I'm going to try and swap coil 1 & 2 to see if it is the coil, I may put some injector cleaner in also


----------



## gmikel (Nov 10, 2010)

*just added pvc to list*

after idid the cleaning etc it ran fine for a day and start with the misfire on cyl #1 again. checked vacuum and found it to be 17 in., should be over 20 at idle. replaced pcv with updated one and vacuum jumped to 21 in.. thats the good part, unfortunately it still missfired. ran upstate for a day and on return missfire gone again. who knows


----------



## rhcp4life (Apr 12, 2011)

Have you figured anything else out on the misfire?


----------



## gmikel (Nov 10, 2010)

*seafoam*

just seafoamed we'll, seems better.


----------



## obdboost (Feb 27, 2010)

well if you clean the valves, swap the plugs, coils and injectors. might start looking at the lifters. there a tsb out on your car about that. feel free to pm me


----------



## gmikel (Nov 10, 2010)

*lifters*



obdboost said:


> well if you clean the valves, swap the plugs, coils and injectors. might start looking at the lifters. there a tsb out on your car about that. feel free to pm me


my vin does not fall in the group with the lifter problem. my problem occurs when warmed up, tsb is for cold start. not that it couldn't be a lifter. it runs great otherwise, so if i'm still having problem when it's time to do timing belt i'll look into lifters.

any suggestions are welcome.


----------



## rhcp4life (Apr 12, 2011)

Took our cars to the dealer for some recalls and what not. they ended up replacing a vent/purge valve for $180! the part cost 17...


----------



## gmikel (Nov 10, 2010)

*fingers crossed*

seafoamed again and redid throttle body adaptation over a week ago. light came back on at initial start up but when out on its own the next evening. so far so good.


----------



## rhcp4life (Apr 12, 2011)

Her light is back on... im kinda pissed they replaced it as it was not showing the p0441 code, back to the dealer..


----------



## gmikel (Nov 10, 2010)

*a week later*

it's back, gotta be a bad wire or the ecm forgot how to idle. going to repair (replace) wires and connector for # 1 coil. after that who knows. run great otherwise and i got it through inspection, so i've got a year to figure it out.


----------



## rhcp4life (Apr 12, 2011)

you dont think it might be a bad ground? idk just throwing out ideas. You say it only happens on start up correct?


----------



## gmikel (Nov 10, 2010)

*could be a bad ground*



rhcp4life said:


> you dont think it might be a bad ground? idk just throwing out ideas. You say it only happens on start up correct?

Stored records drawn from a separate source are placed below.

(* Let $s\ge2$ be an integer and $\psi_s(z):=z^{s-1}(z+s)-(s-1)^{s-1}$. Every complex root $\alpha$ of $\psi_s$ other than its unique negative real root satisfies $|\alpha|<s-1$.
   Context: The negative real root of $\psi_s$ is unique: it is $1-s$ when $s$ is odd and lies in $(-s-1,1-s)$ when $s$ is even. *)

theory Defs
  imports "HOL-Analysis.Analysis"
begin

definition psi :: "nat \<Rightarrow> complex \<Rightarrow> complex" where
  "psi s z = z ^ (s - 1) * (z + of_nat s) - (of_nat s - 1) ^ (s - 1)"

definition neg_root :: "nat \<Rightarrow> real" where
  "neg_root s = (THE r. r < 0 \<and> psi s (complex_of_real r) = 0)"

end

theory Submission
  imports Defs
begin

text \<open>Write \<open>s = n + 1\<close>, so that \<open>psi s z = 0\<close> reads \<open>z^n (z + n + 1) = n^n\<close>.
Taking imaginary parts of \<open>|z^n|^2 (z + n + 1) = n^n conj (z^n)\<close> and using
\<open>|Im (z^n)| \<le> n |z|^(n-1) |Im z|\<close> shows that a non-real root satisfies \<open>|z| \<le> n\<close>;
and \<open>|z| = n\<close> forces \<open>|z + n + 1| = 1\<close>, which pins \<open>z\<close> down to \<open>-n\<close>.  Hence a root
with \<open>|z| \<ge> n\<close> is real, necessarily negative, and so it is the negative root, whose
uniqueness comes from the shape of \<open>t^n (n + 1 - t)\<close>: increasing on \<open>[0, n]\<close> and
decreasing on \<open>[n, \<infinity>)\<close>.\<close>

lemma abs_Im_power_le:
  fixes z :: complex
  shows "\<bar>Im (z ^ n)\<bar> \<le> real n * cmod z ^ (n - 1) * \<bar>Im z\<bar>"
proof (induction n)
  case 0
  then show ?case by simp
next
  case (Suc n)
  have "\<bar>Re z * Im (z ^ n)\<bar> \<le> cmod z * (real n * cmod z ^ (n - 1) * \<bar>Im z\<bar>)"
    unfolding abs_mult by (rule mult_mono[OF abs_Re_le_cmod Suc.IH]) auto
  also have "\<dots> = real n * cmod z ^ n * \<bar>Im z\<bar>"
    by (cases n) auto
  finally have "\<bar>Re z * Im (z ^ n)\<bar> \<le> real n * cmod z ^ n * \<bar>Im z\<bar>" .
  moreover have "\<bar>Im z * Re (z ^ n)\<bar> \<le> \<bar>Im z\<bar> * cmod z ^ n"
    unfolding abs_mult by (metis abs_Re_le_cmod abs_ge_zero mult_left_mono norm_power)
  moreover have "Im (z ^ Suc n) = Re z * Im (z ^ n) + Im z * Re (z ^ n)"
    by (simp add: power_Suc)
  ultimately show ?case
    by (simp add: algebra_simps)
qed

lemma psi_Suc_eq_0_iff:
  "psi (Suc n) z = 0 \<longleftrightarrow> z ^ n * (z + of_nat n + 1) = of_nat n ^ n"
  unfolding psi_def by (simp add: add_ac)

lemma psi_Suc_of_real_eq_0_iff:
  "psi (Suc n) (complex_of_real x) = 0 \<longleftrightarrow> x ^ n * (x + real n + 1) = real n ^ n"
proof -
  have "complex_of_real x ^ n * (complex_of_real x + of_nat n + 1)
      = complex_of_real (x ^ n * (x + real n + 1))"
    by simp
  moreover have "(of_nat n :: complex) ^ n = complex_of_real (real n ^ n)"
    by simp
  ultimately show ?thesis
    unfolding psi_Suc_eq_0_iff by (metis of_real_eq_iff)
qed

lemma root_Im_identity:
  fixes z :: complex
  assumes root: "z ^ n * (z + of_nat n + 1) = of_nat n ^ n"
  shows "Im z * cmod z ^ (2 * n) = - (real n ^ n * Im (z ^ n))"
proof -
  have "(z + of_nat n + 1) * (z ^ n * cnj (z ^ n)) = of_nat n ^ n * cnj (z ^ n)"
    using root by (metis mult.assoc mult.commute)
  then have "(z + of_nat n + 1) * complex_of_real ((cmod (z ^ n))\<^sup>2) = of_nat n ^ n * cnj (z ^ n)"
    by (simp only: complex_norm_square[symmetric])
  then have "Im ((z + of_nat n + 1) * complex_of_real ((cmod (z ^ n))\<^sup>2))
      = Im (of_nat n ^ n * cnj (z ^ n))"
    by (rule arg_cong)
  then have "Im z * (cmod (z ^ n))\<^sup>2 = - (real n ^ n * Im (z ^ n))"
    by (simp add: Im_complex_of_real del: complex_cnj_power)
  then show ?thesis
    by (simp add: norm_power power_mult[symmetric] mult.commute)
qed

lemma nonreal_root_norm_le:
  fixes z :: complex
  assumes "n \<ge> 1" and root: "z ^ n * (z + of_nat n + 1) = of_nat n ^ n"
    and nonreal: "Im z \<noteq> 0"
  shows "cmod z \<le> real n"
proof -
  define r where "r = cmod z"
  have "r > 0"
    using nonreal r_def by auto
  have "\<bar>Im z\<bar> * r ^ (2 * n) = real n ^ n * \<bar>Im (z ^ n)\<bar>"
    using arg_cong[OF root_Im_identity[OF root], of abs] by (simp add: abs_mult r_def)
  also have "\<dots> \<le> real n ^ n * (real n * r ^ (n - 1) * \<bar>Im z\<bar>)"
    using abs_Im_power_le[of z n] by (intro mult_left_mono) (auto simp: r_def)
  finally have "r ^ (2 * n) \<le> real n ^ (n + 1) * r ^ (n - 1)"
    using nonreal by (simp add: algebra_simps)
  moreover have "2 * n = (n + 1) + (n - 1)"
    using \<open>n \<ge> 1\<close> by simp
  then have "r ^ (2 * n) = r ^ (n + 1) * r ^ (n - 1)"
    by (simp only: power_add)
  ultimately have "r ^ Suc n \<le> real n ^ Suc n"
    using \<open>r > 0\<close> by simp
  then show ?thesis
    unfolding r_def by (rule power_le_imp_le_base) simp
qed

lemma root_eq_neg_if_norm_eq:
  fixes z :: complex
  assumes root: "z ^ n * (z + of_nat n + 1) = of_nat n ^ n"
    and norm: "cmod z = real n"
  shows "z = - of_nat n"
proof -
  have "cmod (z + of_nat n + 1) * real n ^ n = real n ^ n"
    using arg_cong[OF root, of cmod] norm by (simp add: norm_mult norm_power)
  then have "cmod (z + of_nat n + 1) = 1"
    by auto
  then have "(Re z + real n + 1)\<^sup>2 + (Im z)\<^sup>2 = 1"
    using cmod_power2[of "z + of_nat n + 1"] by simp
  moreover have "(Re z)\<^sup>2 + (Im z)\<^sup>2 = (real n)\<^sup>2"
    using norm cmod_power2[of z] by simp
  ultimately have "2 * (real n + 1) * (Re z + real n) = 0"
    by (simp add: power2_eq_square algebra_simps)
  then have "Re z = - real n"
    by simp
  moreover from this have "Im z = 0"
    using \<open>(Re z)\<^sup>2 + (Im z)\<^sup>2 = (real n)\<^sup>2\<close> by simp
  ultimately show ?thesis
    by (simp add: complex_eq_iff)
qed

lemma root_real_if_norm_ge:
  fixes z :: complex
  assumes "n \<ge> 1" and root: "z ^ n * (z + of_nat n + 1) = of_nat n ^ n"
    and "cmod z \<ge> real n"
  shows "Im z = 0"
proof (rule ccontr)
  assume "Im z \<noteq> 0"
  then have "cmod z = real n"
    using nonreal_root_norm_le[OF \<open>n \<ge> 1\<close> root] \<open>cmod z \<ge> real n\<close> by simp
  then have "z = - of_nat n"
    using root_eq_neg_if_norm_eq[OF root] by simp
  with \<open>Im z \<noteq> 0\<close> show False
    by simp
qed

text \<open>For real \<open>t\<close>, \<open>psi (n + 1) (-t) = (-1)^n * peak_poly n t - n^n\<close>.\<close>

definition peak_poly :: "nat \<Rightarrow> real \<Rightarrow> real" where
  "peak_poly n t = t ^ n * (real n + 1 - t)"

lemma peak_poly_minus: "peak_poly n (- x) = (-1) ^ n * (x ^ n * (x + real n + 1))"
  unfolding peak_poly_def by (simp add: power_minus[of x])

lemma peak_poly_deriv:
  assumes "n \<ge> 1"
  shows "(peak_poly n has_real_derivative (real n + 1) * x ^ (n - 1) * (real n - x)) (at x)"
proof -
  have "(peak_poly n has_real_derivative
      real n * x ^ (n - 1) * (real n + 1 - x) + x ^ n * (- 1)) (at x)"
    unfolding peak_poly_def by (auto intro!: derivative_eq_intros)
  moreover have "x ^ n = x * x ^ (n - 1)"
    using assms by (simp flip: power_Suc)
  ultimately show ?thesis
    by (simp add: algebra_simps)
qed

lemma continuous_on_peak_poly: "continuous_on A (peak_poly n)"
  unfolding peak_poly_def by (intro continuous_intros)

lemma peak_poly_increasing:
  assumes "n \<ge> 1" "0 \<le> a" "a < b" "b \<le> real n"
  shows "peak_poly n a < peak_poly n b"
proof (rule DERIV_pos_imp_increasing_open[OF \<open>a < b\<close> _ continuous_on_peak_poly])
  fix x assume "a < x" "x < b"
  then have "(real n + 1) * x ^ (n - 1) * (real n - x) > 0"
    using assms by (intro mult_pos_pos) auto
  then show "\<exists>y. (peak_poly n has_real_derivative y) (at x) \<and> y > 0"
    using peak_poly_deriv[OF \<open>n \<ge> 1\<close>] by blast
qed

lemma peak_poly_decreasing:
  assumes "n \<ge> 1" "real n \<le> a" "a < b"
  shows "peak_poly n a > peak_poly n b"
proof (rule DERIV_neg_imp_decreasing_open[OF \<open>a < b\<close> _ continuous_on_peak_poly])
  fix x assume "a < x" "x < b"
  then have "(real n + 1) * x ^ (n - 1) * (real n - x) < 0"
    using assms by (intro mult_pos_neg) auto
  then show "\<exists>y. (peak_poly n has_real_derivative y) (at x) \<and> y < 0"
    using peak_poly_deriv[OF \<open>n \<ge> 1\<close>] by blast
qed

lemma peak_poly_eq_max_imp:
  assumes "n \<ge> 1" "0 \<le> t" "peak_poly n t = real n ^ n"
  shows "t = real n"
proof -
  have max: "peak_poly n (real n) = real n ^ n"
    by (simp add: peak_poly_def)
  show ?thesis
  proof (cases t "real n" rule: linorder_cases)
    case less
    then show ?thesis
      using peak_poly_increasing[OF \<open>n \<ge> 1\<close> \<open>0 \<le> t\<close> less] max assms by simp
  next
    case greater
    then show ?thesis
      using peak_poly_decreasing[OF \<open>n \<ge> 1\<close> _ greater] max assms by simp
  qed
qed

lemma peak_poly_gt_if_eq_neg:
  assumes "n \<ge> 1" "t > 0" "peak_poly n t = - (real n ^ n)"
  shows "t > real n + 1"
proof (rule ccontr)
  assume "\<not> t > real n + 1"
  then have "peak_poly n t \<ge> 0"
    unfolding peak_poly_def using \<open>t > 0\<close> by simp
  moreover have "real n ^ n > 0"
    using \<open>n \<ge> 1\<close> by simp
  ultimately show False
    using assms by simp
qed

lemma negative_real_root_unique:
  assumes "n \<ge> 1"
    and "x < 0" "x ^ n * (x + real n + 1) = real n ^ n"
    and "y < 0" "y ^ n * (y + real n + 1) = real n ^ n"
  shows "x = y"
proof (cases "even n")
  case True
  then have "peak_poly n (- x) = real n ^ n" "peak_poly n (- y) = real n ^ n"
    using assms by (simp_all add: peak_poly_minus)
  then show ?thesis
    using peak_poly_eq_max_imp[OF \<open>n \<ge> 1\<close>, of "- x"] peak_poly_eq_max_imp[OF \<open>n \<ge> 1\<close>, of "- y"]
      assms by simp
next
  case False
  then have px: "peak_poly n (- x) = - (real n ^ n)" and py: "peak_poly n (- y) = - (real n ^ n)"
    using assms by (simp_all add: peak_poly_minus)
  then have "- x > real n + 1" "- y > real n + 1"
    using peak_poly_gt_if_eq_neg[OF \<open>n \<ge> 1\<close>] assms by simp_all
  then show ?thesis
  proof (cases "- x" "- y" rule: linorder_cases)
    case less
    then show ?thesis
      using peak_poly_decreasing[OF \<open>n \<ge> 1\<close> _ less] \<open>- x > real n + 1\<close> px py by simp
  next
    case greater
    then show ?thesis
      using peak_poly_decreasing[OF \<open>n \<ge> 1\<close> _ greater] \<open>- y > real n + 1\<close> px py by simp
  qed simp
qed

lemma neg_root_eqI:
  assumes "n \<ge> 1" "x < 0" "x ^ n * (x + real n + 1) = real n ^ n"
  shows "neg_root (Suc n) = x"
  unfolding neg_root_def psi_Suc_of_real_eq_0_iff
proof (rule the_equality)
  show "x < 0 \<and> x ^ n * (x + real n + 1) = real n ^ n"
    using assms by simp
next
  fix r
  assume "r < 0 \<and> r ^ n * (r + real n + 1) = real n ^ n"
  then show "r = x"
    using negative_real_root_unique[OF \<open>n \<ge> 1\<close> _ _ \<open>x < 0\<close>] assms(3) by blast
qed

lemma real_root_neg_if_abs_ge:
  assumes "n \<ge> 1" "x ^ n * (x + real n + 1) = real n ^ n" "\<bar>x\<bar> \<ge> real n"
  shows "x < 0"
proof (rule ccontr)
  assume "\<not> x < 0"
  then have "x \<ge> real n"
    using assms by simp
  then have "x ^ n > 0"
    using \<open>n \<ge> 1\<close> by simp
  have "real n ^ n \<le> x ^ n"
    using \<open>x \<ge> real n\<close> by (simp add: power_mono)
  also have "x ^ n < x ^ n * (x + real n + 1)"
    using mult_strict_left_mono[of 1 "x + real n + 1" "x ^ n"] \<open>x \<ge> real n\<close> \<open>x ^ n > 0\<close> \<open>n \<ge> 1\<close>
    by simp
  finally show False
    using assms by simp
qed

theorem mainTheorem15:
  fixes s :: nat and \<alpha> :: complex
  assumes "s \<ge> 2"
    and "psi s \<alpha> = 0"
    and "\<alpha> \<noteq> complex_of_real (neg_root s)"
  shows "cmod \<alpha> < real s - 1"
proof (rule ccontr)
  assume "\<not> cmod \<alpha> < real s - 1"
  define n where "n = s - 1"
  have s: "s = Suc n" and "n \<ge> 1"
    using \<open>s \<ge> 2\<close> by (simp_all add: n_def)
  with \<open>\<not> cmod \<alpha> < real s - 1\<close> have big: "cmod \<alpha> \<ge> real n"
    by simp
  have root: "\<alpha> ^ n * (\<alpha> + of_nat n + 1) = of_nat n ^ n"
    using \<open>psi s \<alpha> = 0\<close> unfolding s psi_Suc_eq_0_iff .
  define x where "x = Re \<alpha>"
  have \<alpha>: "\<alpha> = complex_of_real x"
    using root_real_if_norm_ge[OF \<open>n \<ge> 1\<close> root big] by (simp add: x_def complex_eq_iff)
  have real_root: "x ^ n * (x + real n + 1) = real n ^ n"
    using \<open>psi s \<alpha> = 0\<close> unfolding s \<alpha> psi_Suc_of_real_eq_0_iff .
  have "x < 0"
    using real_root_neg_if_abs_ge[OF \<open>n \<ge> 1\<close> real_root] big \<alpha> by simp
  then have "neg_root s = x"
    unfolding s using neg_root_eqI[OF \<open>n \<ge> 1\<close> _ real_root] by simp
  with assms(3) \<alpha> show False
    by simp
qed

end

the thing i have trouble understanding is why it goes away a little over 800rpm. i have a ross tech and the missfire counts stop once the engine gets over 800rpm. i can lug it down to 750 rpm in gear and get no misses or wind the crap out of it. relacing wires will eliminate one more thing.


----------



## rhcp4life (Apr 12, 2011)

Any news?


----------